Tomorrow concludes Rotation 3: Inpatient Psychiatry.
This week was fabulous because I was afforded the opportunity to lead the medication education groups for both the adult mood/anxiety patients as well as the adult schizophrenia patients here at the NIMH (side note: NIH= National Institutes of Health is composed of various institues, one being NIMH or National Institute of Mental Health. Although I am at the NIH Clinical Center, the behavioral units in the building are under the umbrella of the NIMH...hopefully this makes sense).
With the mood/anxiety patients I had planned to discuss chronic fatigue- both causes (lifestyle, medical conditions, medication induced) and possible management strategies per the request of one patient whom suffers significantly. However, the agenda is set by the patients. If they have questions about their medications or clinical care, that comes first! It so happened that they were chatterboxes this week. There were many good questions, particularly related to effectiveness of psychotropic drugs.
A few questions posed and summary of response:
- Does it make sense that a medication would work in the beginning and then stop working after several weeks? Their definition of stop working was either no more improvement or falling back to baseline symptom presentation. We discussed it could be due to several factors: large degree of improvement followed by more gradual decreases, to see more improvement the dose may need to be increased, the disease is cyclical and frequency, intensity, and nature of symptoms can change, and there are psychosocial stressors that substantially contribute to response which is why adjunct therapy with medications is valuable.

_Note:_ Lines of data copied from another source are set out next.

(* For every positive integer $n$, the domination polynomial of the book graph $B_n$ is $$D(B_n,x)=(x^2+2x)^n(2x+1)+x^2(x+1)^{2n}-2x^n.$$ *)

theory Defs
  imports "HOL-Computational_Algebra.Polynomial"
begin

type_synonym 'a graph = "'a set \<times> ('a \<Rightarrow> 'a \<Rightarrow> bool)"

definition verts :: "'a graph \<Rightarrow> 'a set" where "verts G = fst G"
definition adj :: "'a graph \<Rightarrow> 'a \<Rightarrow> 'a \<Rightarrow> bool" where "adj G = snd G"

definition dominating_set :: "'a graph \<Rightarrow> 'a set \<Rightarrow> bool" where
  "dominating_set G S \<longleftrightarrow> S \<subseteq> verts G \<and>
     (\<forall>v\<in>verts G. v \<in> S \<or> (\<exists>u\<in>S. adj G u v))"

definition domination_poly :: "'a graph \<Rightarrow> int poly" where
  "domination_poly G = (\<Sum>S\<in>{S. dominating_set G S}. monom 1 (card S))"

definition star_graph :: "nat \<Rightarrow> nat graph" where
  "star_graph n = ({0..n}, \<lambda>i j. (i = 0 \<and> 1 \<le> j \<and> j \<le> n) \<or> (j = 0 \<and> 1 \<le> i \<and> i \<le> n))"

definition K2 :: "nat graph" where
  "K2 = ({0,1}, \<lambda>i j. i \<noteq> j \<and> i \<in> {0,1} \<and> j \<in> {0,1})"

definition cart_prod :: "'a graph \<Rightarrow> 'b graph \<Rightarrow> ('a \<times> 'b) graph" where
  "cart_prod G H = (verts G \<times> verts H,
     \<lambda>(a,b) (c,d). (a = c \<and> a \<in> verts G \<and> adj H b d) \<or> (b = d \<and> b \<in> verts H \<and> adj G a c))"

definition book_graph :: "nat \<Rightarrow> (nat \<times> nat) graph" where
  "book_graph n = cart_prod (star_graph n) K2"

end

theory Submission
  imports Defs "HOL-Library.FuncSet"
begin

text \<open>A vertex set of the book graph is determined by its trace C on the spine
{0} \<times> {0,1} and its traces f i \<subseteq> {0,1} on the pages i = 1..n, and whether it dominates
depends on C as follows. If C is the whole spine, every choice of pages works, contributing
x^2 (1+x)^(2n). If C is a single spine vertex, exactly the choices with all pages nonempty
work, contributing x (x^2+2x)^n twice. If C is empty, the pages must moreover meet both
rows, which excludes exactly the two choices where every page is the same singleton,
contributing (x^2+2x)^n - 2x^n.\<close>

lemma ball_atLeast0AtMost_split:
  "(\<forall>a\<in>{0..n::nat}. P a) \<longleftrightarrow> P 0 \<and> (\<forall>i\<in>{1..n}. P i)"
  by (simp flip: atLeastAtMost_insertL)

lemma PiE_Diff_singleton:
  "(\<Pi>\<^sub>E i\<in>I. A - {a}) = {f \<in> (\<Pi>\<^sub>E i\<in>I. A). \<forall>i\<in>I. f i \<noteq> a}"
  by (auto simp: PiE_iff extensional_def)

lemma eq_restrict_iff: "f \<in> extensional I \<Longrightarrow> f = restrict g I \<longleftrightarrow> (\<forall>i\<in>I. f i = g i)"
  by (metis extensional_restrict restrict_apply' restrict_ext)

lemma sum_PiE_prod_const:
  fixes g :: "'b \<Rightarrow> 'c::comm_semiring_1"
  assumes "finite I" and "finite A"
  shows "(\<Sum>f\<in>(\<Pi>\<^sub>E i\<in>I. A). \<Prod>i\<in>I. g (f i)) = (\<Sum>a\<in>A. g a) ^ card I"
  using prod_sum_PiE[of I "\<lambda>_. A" "\<lambda>_. g"] assms by simp

lemma domination_poly_eq_sum_Pow:
  assumes "finite (verts G)"
  shows "domination_poly G =
    (\<Sum>S\<in>Pow (verts G). if dominating_set G S then monom 1 (card S) else 0)"
proof -
  have "{S. dominating_set G S} = {S \<in> Pow (verts G). dominating_set G S}"
    by (auto simp: dominating_set_def)
  then show ?thesis
    unfolding domination_poly_def using assms by (simp only: sum.inter_filter finite_Pow_iff)
qed

lemma verts_book_graph: "verts (book_graph n) = {0..n} \<times> {0,1}"
  by (simp add: book_graph_def cart_prod_def verts_def star_graph_def K2_def)

lemma adj_book_graph:
  "adj (book_graph n) (a, b) (c, d) \<longleftrightarrow>
     b \<in> {0,1} \<and> d \<in> {0,1} \<and>
     (a = c \<and> a \<le> n \<and> b \<noteq> d \<or> b = d \<and> (a = 0 \<and> c \<in> {1..n} \<or> c = 0 \<and> a \<in> {1..n}))"
  by (auto simp: book_graph_def cart_prod_def verts_def adj_def star_graph_def K2_def)

lemma book_graph_dominates_spine_iff:
  "(\<exists>u\<in>S. adj (book_graph n) u (0, b)) \<longleftrightarrow>
     b \<in> {0,1} \<and> ((0, 1 - b) \<in> S \<or> (\<exists>i\<in>{1..n}. (i, b) \<in> S))"
  by (cases "b = 0") (auto simp: adj_book_graph Bex_def)

lemma book_graph_dominates_page_iff:
  assumes "a \<in> {1..n}"
  shows "(\<exists>u\<in>S. adj (book_graph n) u (a, b)) \<longleftrightarrow>
     b \<in> {0,1} \<and> ((a, 1 - b) \<in> S \<or> (0, b) \<in> S)"
  using assms by (cases "b = 0") (auto simp: adj_book_graph Bex_def)

lemma dominating_set_book_graph_iff:
  "dominating_set (book_graph n) S \<longleftrightarrow> S \<subseteq> {0..n} \<times> {0,1} \<and>
    (\<forall>b\<in>{0,1}. ((0, b) \<in> S \<or> (0, 1 - b) \<in> S \<or> (\<exists>i\<in>{1..n}. (i, b) \<in> S)) \<and>
      (\<forall>i\<in>{1..n}. (i, b) \<in> S \<or> (i, 1 - b) \<in> S \<or> (0, b) \<in> S))"
  unfolding dominating_set_def verts_book_graph split_paired_Ball_Sigma ball_atLeast0AtMost_split
  by (auto simp: book_graph_dominates_spine_iff book_graph_dominates_page_iff)

definition book_set :: "nat \<Rightarrow> nat set \<Rightarrow> (nat \<Rightarrow> nat set) \<Rightarrow> (nat \<times> nat) set" where
  "book_set n C f = Pair 0 ` C \<union> (SIGMA i:{1..n}. f i)"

- How would the team choose between valproic acid and lithium to treat bipolar disorder? We discussed history of prior within the family (if applicable), drug-drug interactions, the way the drug is eliminated by your body (liver or kidney and if patient has co-morbidites which would complicate this, e.g. hepatitis or renal impairment), side effect profile/patient intolerances, patient allergies, and type of manic episode (valproic acid has more evidence for rapid cyclers and mixed episodes vs. lithium as the mood stabilizing agent) to name a few.
- What is the difference between SSRIs and stimulants? Discussed different neurotransmitters- serotonin vs dopamine. These patients are quite sophisticated! They understand talk of neurons, cells, receptors, what SSRI vs. SNRI vs. DNRI (e.g. bupropion) vs. TCA mean, firing of cells, receptor down regulation, reuptake blockers, etc. It is amazing what a little education can do! And they LOVE knowing this information because it makes them understand, objectively, the importance of treatment and why a certain agent may be chosen over another.
Now, the entire rotation was not always this fabulous for me. I struggled for the first few weeks in this rotation because I came in expecting that the site would still be providing a platform/opportunity to develop my clinical skills. As I mentioned in earlier posts, the research nature makes this site very unique; this is definitely not an acute psych rotation although they are admitted to the unit. When I realized this was not the case, I had a rough time since this was my expectation- I was so excited to build off my current knowledge and practice what I had been reading about for the past 3 years. BTW- rough time is code for emotionally charged conversation with one of my mentors at our College to help process my emotions followed by emotionally charged discussion with preceptor. Also, emotionally charged conversation = on the verge of crying or crying at times. For real. Simultaneously, I was also dealing with being homesick as I have been away from my husband (and dogs!) for the past 10 weeks- this was harder than I thought it would be. And not just because he cleans and cooks for me. While this situation was really hard to process, I became much stronger as a result, and ultimately, extremely grateful for what this site did provide.
What I came to really appreciate by the middle of the rotation was that there was still learning to be done. A different type of learning called gaining perspective! This appreciation coincided with the increased one-on-one patient interaction and emotional processing/reflecting.
I gained a tremendous amount of insight and perspective from the patients. They taught me SO MUCH! My counseling skills were enriched, my interviewing skills were developed, and my ability to process contextual cues/make observations to adjust how I interact with a patient on a second-second basis was sensitized. I am become more adept at quickly developing rapport with patients, empowering/encouraging them, and conveying my passion and sincerity. These patients have a keen sense and can easily detect someone who does not trust them, is not sincere, and will not follow-up with their concerns (persistence is important with them!). Most of these patients also assume these things until you show them otherwise as paranoia, suspiciousness, and withdrawal are common attributes. I am confident I will be a better clinician because now I can weave a little subjectivity with my objectivity when providing patient care. Knowledge is good but....it is more than that.
At the end of the group session today with the patients with schizophrenia, a few told me they were going to miss me! This gesture made this whole rotation worthwhile. To hear patients that have struggle with the negative symptoms of schizophrenia describe and convey such an emotionally charged statement was so touching. I am going to miss the patients on the unit, but I will keep the lessons learned from them forever!
Next up: Inpatient Pediatrics/Infectious Disease. Buckle up.